◆ Work instructions: Where the line containing "qed (simp_all add: cbilinear_zero[OF" appears in the records below, begin there and write out each line exactly until the last one, and nothing more.
• • •
theorem proposition26:
  fixes mX mY :: "'a::finite \<Rightarrow> 'a pmf" and C :: "'a \<Rightarrow> 'a \<Rightarrow> real"
  assumes "irreducible_kernel mX" and "aperiodic_kernel mX"
    and "irreducible_kernel mY" and "aperiodic_kernel mY"
    and "pseudometric C"
  shows "\<exists>c::real. \<forall>i j. (\<lambda>k. cost_iter mX mY C k i j) \<longlonglongrightarrow> c"
proof -
  let ?D = "\<lambda>l. case_prod (cost_iter mX mY C l)"
  obtain N \<eta> where "\<eta> > 0"
    and mass: "\<And>i j w. \<eta> \<le> pmf (pair_pmf (kstep mX N i) (kstep mY N j)) w"
    using uniform_mass_pair_kstep[OF assms(1-4)] by metis
  from mass have "osc (?D (l + N)) \<le> (1 - \<eta>) * osc (?D l)" for l
    by (rule osc_cost_iter_add_le)
  then have "\<exists>c. (\<lambda>l. Min (range (?D l))) \<longlonglongrightarrow> c
                \<and> (\<lambda>l. Max (range (?D l))) \<longlonglongrightarrow> c"
    using \<open>\<eta> > 0\<close>
    by (intro incseq_decseq_common_limit[where q="1 - \<eta>" and N=N] incseq_Min_cost_iter
        decseq_Max_cost_iter) (auto simp: osc_def Min_le_iff)
  then obtain c where Min: "(\<lambda>l. Min (range (?D l))) \<longlonglongrightarrow> c"
    and Max: "(\<lambda>l. Max (range (?D l))) \<longlonglongrightarrow> c" by blast
  have "Min (range (?D l)) \<le> cost_iter mX mY C l i j"
    and "cost_iter mX mY C l i j \<le> Max (range (?D l))" for l i j
    by (auto intro!: Min_le Max_ge rev_image_eqI[of "(i, j)"])
  then have "(\<lambda>k. cost_iter mX mY C k i j) \<longlonglongrightarrow> c" for i j
    by (intro tendsto_sandwich[OF _ _ Min Max]) simp_all
  then show ?thesis by blast
qed

end
lemma phi_X_times:
  assumes "l \<le> k"
  shows "phi k e (X i l * (a::'k::comm_ring_1 cpoly)) = 0"
proof (induction a rule: poly_mapping_induct)
  case (2 m y)
  have "X i l * single m y = single (single (i, l) 1 + m) y" by (simp add: X_def mult_single)
  moreover have "phi k e (single (single (i, l) 1 + m) y) = 0"
  proof (rule phi_single_not_lpmon)
    fix u :: "nat list" assume "length u = e"
    have "lookup (single (i, l) 1 + m) (i, l) \<noteq> 0" by (simp add: lookup_add)
    moreover have "lookup (lpmon k u) (i, l) = 0" using assms by (simp add: lookup_lpmon)
    ultimately show "lpmon k u \<noteq> single (i, l) 1 + m" by auto
  qed
  ultimately show ?case by simp
qed (simp_all add: distrib_left phi_add)

lemma Fcar_phi:
  assumes "a \<in> Pcar n"
  shows "phi k e a \<in> Fcar n"
  unfolding Fcar_iff
proof (intro ballI)
  fix u assume "u \<in> keys (phi k e a)"
  then have "lpmon k u \<in> keys a" by (auto simp: lookup_phi in_keys_iff split: if_splits)
  then have "in_letters n (lpmon k u)" using assms unfolding Pcar_def in_letters_def by fastforce
  then show "set u \<subseteq> {1..n}" by (simp add: in_letters_lpmon)
qed

section \<open>The letterplace ideal\<close>

lemma Pcar_iff: "p \<in> Pcar n \<longleftrightarrow> (\<forall>m\<in>keys p. \<forall>x\<in>keys m. 1 \<le> fst x \<and> fst x \<le> n \<and> 1 \<le> snd x)"
  by (simp add: Pcar_def case_prod_unfold)

lemma Pdcar_iff: "p \<in> Pdcar n d \<longleftrightarrow> (\<forall>m\<in>keys p. \<forall>x\<in>keys m. 1 \<le> fst x \<and> fst x \<le> n \<and> 1 \<le> snd x \<and> snd x \<le> d)"
  by (simp add: Pdcar_def case_prod_unfold)

lemma Pcar_add: "p \<in> Pcar n \<Longrightarrow> q \<in> Pcar n \<Longrightarrow> p + q \<in> Pcar n"
  using keys_add[of p q] unfolding Pcar_iff by blast
lemma Pdcar_add: "p \<in> Pdcar n d \<Longrightarrow> q \<in> Pdcar n d \<Longrightarrow> p + q \<in> Pdcar n d"
  using keys_add[of p q] unfolding Pdcar_iff by blast
lemma Pcar_uminus: "p \<in> Pcar n \<Longrightarrow> - p \<in> Pcar n"
  unfolding Pcar_iff by simp
lemma Pcar_mult: "p \<in> Pcar n \<Longrightarrow> q \<in> Pcar n \<Longrightarrow> (p :: 'k::comm_ring_1 cpoly) * q \<in> Pcar n"
  using keys_mult[of p q] unfolding Pcar_iff by (fastforce simp: keys_add_nat)
lemma Pcar_one: "(1 :: 'k::comm_ring_1 cpoly) \<in> Pcar n"
proof -
  have "(1 :: 'k cpoly) = single 0 1" by simp
  then show ?thesis unfolding Pcar_iff by simp
qed
lemma Pcar_zero[simp]: "0 \<in> Pcar n"
  unfolding Pcar_iff by simp
lemma Pdcar_zero[simp]: "0 \<in> Pdcar n d"
  unfolding Pdcar_iff by simp
lemma Pdcar_Pcar: "p \<in> Pdcar n d \<Longrightarrow> p \<in> Pcar n"
  unfolding Pdcar_iff Pcar_iff by blast
lemma Pcar_minus_one: "(- 1 :: 'k::comm_ring_1 cpoly) \<in> Pcar n"
  by (rule Pcar_uminus) (rule Pcar_one)

lemma Pcar_iota_sh:
  assumes "f \<in> Fcar n"
  shows "iota_sh k f \<in> Pcar n"
proof (rule poly_mapping_induct_keys[of "\<lambda>q. iota_sh k q \<in> Pcar n" f])
  fix w c assume "w \<in> keys f"
  then have "set w \<subseteq> {1..n}" using assms by (simp add: Fcar_iff)
  then show "iota_sh k (single w c) \<in> Pcar n"
    by (auto simp: iota_sh_single Pcar_iff keys_lpmon subset_iff)
qed (auto simp: iota_sh_add Pcar_add)

lemma Pdcar_iota_sh:
  assumes "f \<in> Fcar n" "fhom l f" "k + l \<le> d"
  shows "iota_sh k f \<in> Pdcar n d"
proof (rule poly_mapping_induct_keys[of "\<lambda>q. iota_sh k q \<in> Pdcar n d" f])
  fix w c assume w: "w \<in> keys f"
  then have "set w \<subseteq> {1..n}" using assms by (simp add: Fcar_iff)
  moreover have "length w = l" using w assms(2) by (simp add: fhom_def)
  ultimately show "iota_sh k (single w c) \<in> Pdcar n d"
    using assms(3) by (auto simp: iota_sh_single Pdcar_iff keys_lpmon subset_iff)
qed (auto simp: iota_sh_add Pdcar_add)
lemma cscale_Abs_tensor:
  "c \<cdot>\<^sub>C Abs_tensor xs = Abs_tensor (map (\<lambda>(v, w). (c \<cdot>\<^sub>C v, w)) (xs :: ('a::cvec \<times> 'b::cvec) list))"
  unfolding cscale_tensor_def Abs_tensor_eq_iff by (rule teq_map_cscale[OF teq_Rep_Abs_tensor])

instance tensor :: (cvec, cvec) ab_group_add
proof
  fix a b c :: "('a, 'b) tensor"
  obtain xs ys zs where a: "a = Abs_tensor xs" and b: "b = Abs_tensor ys" and c: "c = Abs_tensor zs"
    by (metis Abs_tensor_cases)
  show "a + b + c = a + (b + c)"
    by (simp add: a b c Abs_tensor_append)
  show "a + b = b + a"
    by (simp add: a b Abs_tensor_append Abs_tensor_eq_iff teq_swap)
  show "0 + a = a"
    by (simp add: a Abs_tensor_append zero_tensor_def)
  show "a - b = a + - b"
    by (simp add: minus_tensor_def)
  have "Abs_tensor (map (\<lambda>(v, w). ((-1) \<cdot>\<^sub>C v, w)) xs) + Abs_tensor xs = 0" for xs :: "('a \<times> 'b) list"
  proof (induction xs)
    case Nil
    then show ?case by (simp add: Abs_tensor_append zero_tensor_def)
  next
    case (Cons x xs)
    obtain v w where x: "x = (v, w)" by force
    have "Abs_tensor [((-1) \<cdot>\<^sub>C v, w)] + Abs_tensor [(v, w)] = Abs_tensor [((-1) \<cdot>\<^sub>C v + v, w)]"
      by (simp add: Abs_tensor_append Abs_tensor_eq_iff teq_add_l teq_sym)
    also have "\<dots> = 0"
      by (simp add: cscale_minus_one_add_self zero_tensor_def Abs_tensor_eq_iff teq_zero_l)
    finally have head: "Abs_tensor [((-1) \<cdot>\<^sub>C v, w)] + Abs_tensor [(v, w)] = 0" .
    have "Abs_tensor (map (\<lambda>(v, w). ((-1) \<cdot>\<^sub>C v, w)) (x # xs)) + Abs_tensor (x # xs)
        = (Abs_tensor [((-1) \<cdot>\<^sub>C v, w)] + Abs_tensor [(v, w)])
          + (Abs_tensor (map (\<lambda>(v, w). ((-1) \<cdot>\<^sub>C v, w)) xs) + Abs_tensor xs)"
      by (simp add: x Abs_tensor_append Abs_tensor_eq_iff)
         (metis append_Cons append_Nil append_assoc teq_app teq_refl teq_swap)
    also have "\<dots> = 0 + 0"
      by (simp only: head Cons.IH)
    also have "\<dots> = 0"
      by (simp add: zero_tensor_def Abs_tensor_append)
    finally show ?case .
  qed
  then show "- a + a = 0"
    by (simp add: a uminus_tensor_def cscale_Abs_tensor)
qed

instance tensor :: (cvec, cvec) cvec
proof
  fix a b :: "('a, 'b) tensor" and d e :: complex
  obtain xs ys where a: "a = Abs_tensor xs" and b: "b = Abs_tensor ys"
    by (metis Abs_tensor_cases)
  show "d \<cdot>\<^sub>C (a + b) = d \<cdot>\<^sub>C a + d \<cdot>\<^sub>C b"
    by (simp add: a b Abs_tensor_append cscale_Abs_tensor)
  have "(d + e) \<cdot>\<^sub>C Abs_tensor xs = d \<cdot>\<^sub>C Abs_tensor xs + e \<cdot>\<^sub>C Abs_tensor xs" for xs :: "('a \<times> 'b) list"
  proof (induction xs)
    case Nil
    then show ?case by (simp add: cscale_Abs_tensor Abs_tensor_append)
  next
    case (Cons x xs)
    obtain v w where x: "x = (v, w)" by force
    have head: "Abs_tensor [((d + e) \<cdot>\<^sub>C v, w)] = Abs_tensor [(d \<cdot>\<^sub>C v, w)] + Abs_tensor [(e \<cdot>\<^sub>C v, w)]"
      by (simp add: Abs_tensor_append Abs_tensor_eq_iff teq_add_l cscale_add_left)
    have split: "k \<cdot>\<^sub>C Abs_tensor (x # xs) = Abs_tensor [(k \<cdot>\<^sub>C v, w)] + k \<cdot>\<^sub>C Abs_tensor xs" for k
      by (simp add: x cscale_Abs_tensor Abs_tensor_append)
    show ?case by (simp add: split head Cons.IH algebra_simps)
  qed
  then show "(d + e) \<cdot>\<^sub>C a = d \<cdot>\<^sub>C a + e \<cdot>\<^sub>C a"
    by (simp add: a)
  show "d \<cdot>\<^sub>C e \<cdot>\<^sub>C a = (d * e) \<cdot>\<^sub>C a"
    by (simp add: a cscale_Abs_tensor cscale_cscale comp_def split_def)
  show "1 \<cdot>\<^sub>C a = a"
    by (simp add: a cscale_Abs_tensor cscale_one)
qed

definition cbilinear :: "('a::cvec \<Rightarrow> 'b::cvec \<Rightarrow> 'c::cvec) \<Rightarrow> bool" where
  "cbilinear \<beta> \<longleftrightarrow>
     (\<forall>x x' y. \<beta> (x + x') y = \<beta> x y + \<beta> x' y) \<and> (\<forall>x y y'. \<beta> x (y + y') = \<beta> x y + \<beta> x y') \<and>
     (\<forall>c x y. \<beta> (c \<cdot>\<^sub>C x) y = c \<cdot>\<^sub>C \<beta> x y) \<and> (\<forall>c x y. \<beta> x (c \<cdot>\<^sub>C y) = c \<cdot>\<^sub>C \<beta> x y)"

lemma cbilinearI:
  assumes "\<And>x x' y. \<beta> (x + x') y = \<beta> x y + \<beta> x' y" and "\<And>x y y'. \<beta> x (y + y') = \<beta> x y + \<beta> x y'"
    and "\<And>c x y. \<beta> (c \<cdot>\<^sub>C x) y = c \<cdot>\<^sub>C \<beta> x y" and "\<And>c x y. \<beta> x (c \<cdot>\<^sub>C y) = c \<cdot>\<^sub>C \<beta> x y"
  shows "cbilinear \<beta>"
  using assms unfolding cbilinear_def by blast

lemma cbilinearD:
  assumes "cbilinear \<beta>"
  shows "\<beta> (x + x') y = \<beta> x y + \<beta> x' y" and "\<beta> x (y + y') = \<beta> x y + \<beta> x y'"
    and "\<beta> (c \<cdot>\<^sub>C x) y = c \<cdot>\<^sub>C \<beta> x y" and "\<beta> x (c \<cdot>\<^sub>C y) = c \<cdot>\<^sub>C \<beta> x y"
  using assms unfolding cbilinear_def by blast+

lemma cbilinear_clinear_left: "cbilinear \<beta> \<Longrightarrow> clinear (\<lambda>x. \<beta> x y)"
  by (simp add: cbilinear_def clinear_def)

lemma cbilinear_clinear_right: "cbilinear \<beta> \<Longrightarrow> clinear (\<beta> x)"
  by (simp add: cbilinear_def clinear_def)

lemma clinearD:
  assumes "clinear f"
  shows "f (x + y) = f x + f y" and "f (c \<cdot>\<^sub>C x) = c \<cdot>\<^sub>C f x"
  using assms unfolding clinear_def by blast+

lemma clinear_id: "clinear id"
  by (simp add: clinear_def)

lemma additive_zero:
  fixes f :: "'a::ab_group_add \<Rightarrow> 'b::ab_group_add"
  assumes "\<And>x y. f (x + y) = f x + f y"
  shows "f 0 = 0"
  using assms[of 0 0] by simp

lemma clinear_comp: "clinear f \<Longrightarrow> clinear g \<Longrightarrow> clinear (\<lambda>x. f (g x))"
  by (simp add: clinear_def)

lemma clinear_zero: "clinear (f :: 'a::cvec \<Rightarrow> 'b::cvec) \<Longrightarrow> f 0 = 0"
  by (rule additive_zero) (rule clinearD)

lemma cbilinear_zero:
  assumes "cbilinear \<beta>"
  shows "\<beta> 0 y = 0" and "\<beta> x 0 = 0"
  using additive_zero[of "\<lambda>x. \<beta> x y"] additive_zero[of "\<beta> x"] cbilinearD[OF assms] by blast+

lemma additive_sum_list:
  fixes f :: "'a::ab_group_add \<Rightarrow> 'b::ab_group_add"
  assumes "\<And>x y. f (x + y) = f x + f y"
  shows "f (sum_list xs) = sum_list (map f xs)"
  by (induction xs) (simp_all add: assms additive_zero[OF assms])

lemma sum_list_map_swap:
  "(\<Sum>x\<leftarrow>xs. \<Sum>y\<leftarrow>ys. f x y) = (\<Sum>y\<leftarrow>ys. \<Sum>x\<leftarrow>xs. f x y :: 'c::ab_group_add)"
  by (induction xs) (simp_all add: sum_list_addf)

lemma cscale_sum_list: "c \<cdot>\<^sub>C sum_list xs = sum_list (map (\<lambda>x. c \<cdot>\<^sub>C x) (xs :: 'a::cvec list))"
  by (induction xs) (simp_all add: cscale_zero_right cscale_add_right)

lemma tlift_eq_sum_list: "tlift \<beta> t = sum_list (map (case_prod \<beta>) (Rep_tensor t))"
  by (simp add: tlift_def)

lemma teq_sum_list_cbilinear:
  assumes "teq xs ys" and "cbilinear \<beta>"
  shows "sum_list (map (case_prod \<beta>) xs) = sum_list (map (case_prod \<beta>) ys)"
  using assms(1)
proof (induction rule: teq.induct)
  case (teq_swap xs ys)
  then show ?case by (simp add: add.commute)
qed (simp_all add: cbilinear_zero[OF assms(2)] cbilinearD[OF assms(2)])

lemma tlift_Abs_tensor: "cbilinear \<beta> \<Longrightarrow> tlift \<beta> (Abs_tensor xs) = sum_list (map (case_prod \<beta>) xs)"
  unfolding tlift_eq_sum_list by (rule teq_sum_list_cbilinear[OF teq_Rep_Abs_tensor])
• • •
◆ Exercise solution:
qed (simp_all add: cbilinear_zero[OF assms(2)] cbilinearD[OF assms(2)])

lemma tlift_Abs_tensor: "cbilinear \<beta> \<Longrightarrow> tlift \<beta> (Abs_tensor xs) = sum_list (map (case_prod \<beta>) xs)"
  unfolding tlift_eq_sum_list by (rule teq_sum_list_cbilinear[OF teq_Rep_Abs_tensor])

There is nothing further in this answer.